**WHAT YOU WILL DO**.
Write out again, exactly, the lines below starting at the one with "imports Main" and ending at the one with "n) = An le les n".

**PROVIDED ENTRIES**.
● ● ● ●

definition basisH :: "int \<Rightarrow> (nat \<Rightarrow> int list) \<Rightarrow> bool" where
  "basisH p v \<longleftrightarrow> (\<forall>j\<in>{1..4}. v j \<in> cgrp (msH p)) \<and>
     (\<forall>h\<in>cgrp (msH p). \<exists>c. (\<forall>j\<in>{1..4}. 0 \<le> c j \<and> c j < p) \<and> lincombH p v c = h) \<and>
     (\<forall>c. (\<forall>j\<in>{1..4}. 0 \<le> c j \<and> c j < p) \<and> lincombH p v c = replicate 4 0
            \<longrightarrow> (\<forall>j\<in>{1..4}. c j = 0))"

definition tmap :: "(nat \<Rightarrow> int list) \<Rightarrow> int list \<Rightarrow> int list" where
  "tmap v a = (if take 5 a = replicate 5 0 \<and> 1 \<le> a!5 \<and> a!5 \<le> 4
               then v (nat (a!5)) else replicate 4 0)"

definition Pt :: "int \<Rightarrow> int list set \<Rightarrow> (int list \<Rightarrow> int list) \<Rightarrow> int list set \<Rightarrow> int list set" where
  "Pt p A t B = {a @ cadd (msH p) (t a) b | a b. a \<in> A \<and> b \<in> B}"

end

theory Submission
  imports Defs "HOL-Library.Real_Mod"
begin
(* For every finite subset $B\subseteq A$ and every $c\in A\setminus\mathrm{Cl}(B)$, there exists a permutation $\pi\in\mathcal{G}$ that fixes $B$ pointwise and satisfies $\pi(c)\neq c$.
   Context: Let $\langle P,\preccurlyeq,\preccurlyeq^\ast\rangle$ be a doubly ordered set: $\preccurlyeq$ a partial order on $P$, $\preccurlyeq^\ast$ a preorder on $P$, and $p\preccurlyeq q\Rightarrow p\preccurlyeq^\ast q$. Write $p\prec q$ for ($p\preccurlyeq q$ and $p\neq q$). For a quadruple $\langle x_0,x_1,x_2,x_3\rangle$ and $i<4$, $\mathrm{pr}_i(\langle x_0,x_1,x_2,x_3\rangle)=x_i$. For a set $S$, $\mathscr{S}(S)$ is the set of permutations of $S$. Define recursively $A_0=\{\langle0,p,\varnothing,k\rangle\mid p\in P,k\in\omega\}$ and $A_{n+1}=A_n\cup\{\langle n+1,q,a,0\rangle\mid q\in P,a\in A_n,\mathrm{pr}_1(a)\prec q\}\cup\{\langle n+1,q,a,k\rangle\mid q\in P,a\in A_n,\mathrm{pr}_1(a)\not\preccurlyeq q,\mathrm{pr}_1(a)\preccurlyeq^\ast q,k\in\omega\}$; let $A=\bigcup_{n}A_n$. Define $\mathcal{G}_0=\{f\in\mathscr{S}(A_0)\mid \mathrm{pr}_1(f(a))=\mathrm{pr}_1(a)\text{ for all }a\in A_0\}$; for $f\in\mathscr{S}(A_{n+1})$, $f\in\mathcal{G}_{n+1}$ iff $f{\upharpoonright}A_n\in\mathcal{G}_n$ and for all $b\in A_{n+1}\setminus A_n$, $\mathrm{pr}_1(f(b))=\mathrm{pr}_1(b)$ and $\mathrm{pr}_2(f(b))=f(\mathrm{pr}_2(b))$. Let $\mathcal{G}=\{\pi\in\mathscr{S}(A)\mid \pi{\upharpoonright}A_n\in\mathcal{G}_n\text{ for all }n\}$. A subset $C\subseteq A$ is closed if (i) for all $n\in\omega$, all $a\in C\cap A_n$ and all $q\in P$ with $\mathrm{pr}_1(a)\prec q$, we have $\langle n+1,q,a,0\rangle\in C$, and (ii) for all $b\in C\setminus A_0$, $\mathrm{pr}_2(b)\in C$. For $B\subseteq A$, $\mathrm{Cl}(B)$ is the least closed subset of $A$ including $B$. *)

theory Defs
  imports Main
begin

text \<open>Quadruples <n, p, a, k>; the third component is either the empty set
  (encoded as None) or an element a of A (encoded as Some a).\<close>
datatype 'p quad = Quad nat 'p "'p quad option" nat

fun pr0 :: "'p quad \<Rightarrow> nat" where "pr0 (Quad n p a k) = n"
fun pr1 :: "'p quad \<Rightarrow> 'p" where "pr1 (Quad n p a k) = p"
fun pr2 :: "'p quad \<Rightarrow> 'p quad option" where "pr2 (Quad n p a k) = a"
fun pr3 :: "'p quad \<Rightarrow> nat" where "pr3 (Quad n p a k) = k"

definition strict :: "('p \<Rightarrow> 'p \<Rightarrow> bool) \<Rightarrow> 'p \<Rightarrow> 'p \<Rightarrow> bool" where
  "strict le p q \<longleftrightarrow> le p q \<and> p \<noteq> q"

fun An :: "('p \<Rightarrow> 'p \<Rightarrow> bool) \<Rightarrow> ('p \<Rightarrow> 'p \<Rightarrow> bool) \<Rightarrow> nat \<Rightarrow> 'p quad set" where
  "An le les 0 = {Quad 0 p None k | p k. True}"
| "An le les (Suc n) = An le les n
     \<union> {Quad (Suc n) q (Some a) 0 | q a. a \<in> An le les n \<and> strict le (pr1 a) q}
     \<union> {Quad (Suc n) q (Some a) k | q a k. a \<in> An le les n \<and> \<not> le (pr1 a) q \<and> les (pr1 a) q}"

definition Aall :: "('p \<Rightarrow> 'p \<Rightarrow> bool) \<Rightarrow> ('p \<Rightarrow> 'p \<Rightarrow> bool) \<Rightarrow> 'p quad set" where
  "Aall le les = (\<Union>n. An le les n)"

text \<open>Membership of (the restriction of) f in G_n. A permutation of a set S is
  represented by a function f with bij_betw f S S (values outside S irrelevant).\<close>
fun Gn :: "('p \<Rightarrow> 'p \<Rightarrow> bool) \<Rightarrow> ('p \<Rightarrow> 'p \<Rightarrow> bool) \<Rightarrow> nat \<Rightarrow> ('p quad \<Rightarrow> 'p quad) \<Rightarrow> bool" where
  "Gn le les 0 f \<longleftrightarrow> bij_betw f (An le les 0) (An le les 0)
      \<and> (\<forall>a\<in>An le les 0. pr1 (f a) = pr1 a)"
| "Gn le les (Suc n) f \<longleftrightarrow> bij_betw f (An le les (Suc n)) (An le les (Suc n))
      \<and> Gn le les n f
      \<and> (\<forall>b\<in>An le les (Suc n) - An le les n.
            pr1 (f b) = pr1 b \<and> pr2 (f b) = map_option f (pr2 b))"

● ● ● ●

**TASK OUTPUT**.
  imports Main
begin

text \<open>Quadruples <n, p, a, k>; the third component is either the empty set
  (encoded as None) or an element a of A (encoded as Some a).\<close>
datatype 'p quad = Quad nat 'p "'p quad option" nat

fun pr0 :: "'p quad \<Rightarrow> nat" where "pr0 (Quad n p a k) = n"
fun pr1 :: "'p quad \<Rightarrow> 'p" where "pr1 (Quad n p a k) = p"
fun pr2 :: "'p quad \<Rightarrow> 'p quad option" where "pr2 (Quad n p a k) = a"
fun pr3 :: "'p quad \<Rightarrow> nat" where "pr3 (Quad n p a k) = k"

definition strict :: "('p \<Rightarrow> 'p \<Rightarrow> bool) \<Rightarrow> 'p \<Rightarrow> 'p \<Rightarrow> bool" where
  "strict le p q \<longleftrightarrow> le p q \<and> p \<noteq> q"

fun An :: "('p \<Rightarrow> 'p \<Rightarrow> bool) \<Rightarrow> ('p \<Rightarrow> 'p \<Rightarrow> bool) \<Rightarrow> nat \<Rightarrow> 'p quad set" where
  "An le les 0 = {Quad 0 p None k | p k. True}"
| "An le les (Suc n) = An le les n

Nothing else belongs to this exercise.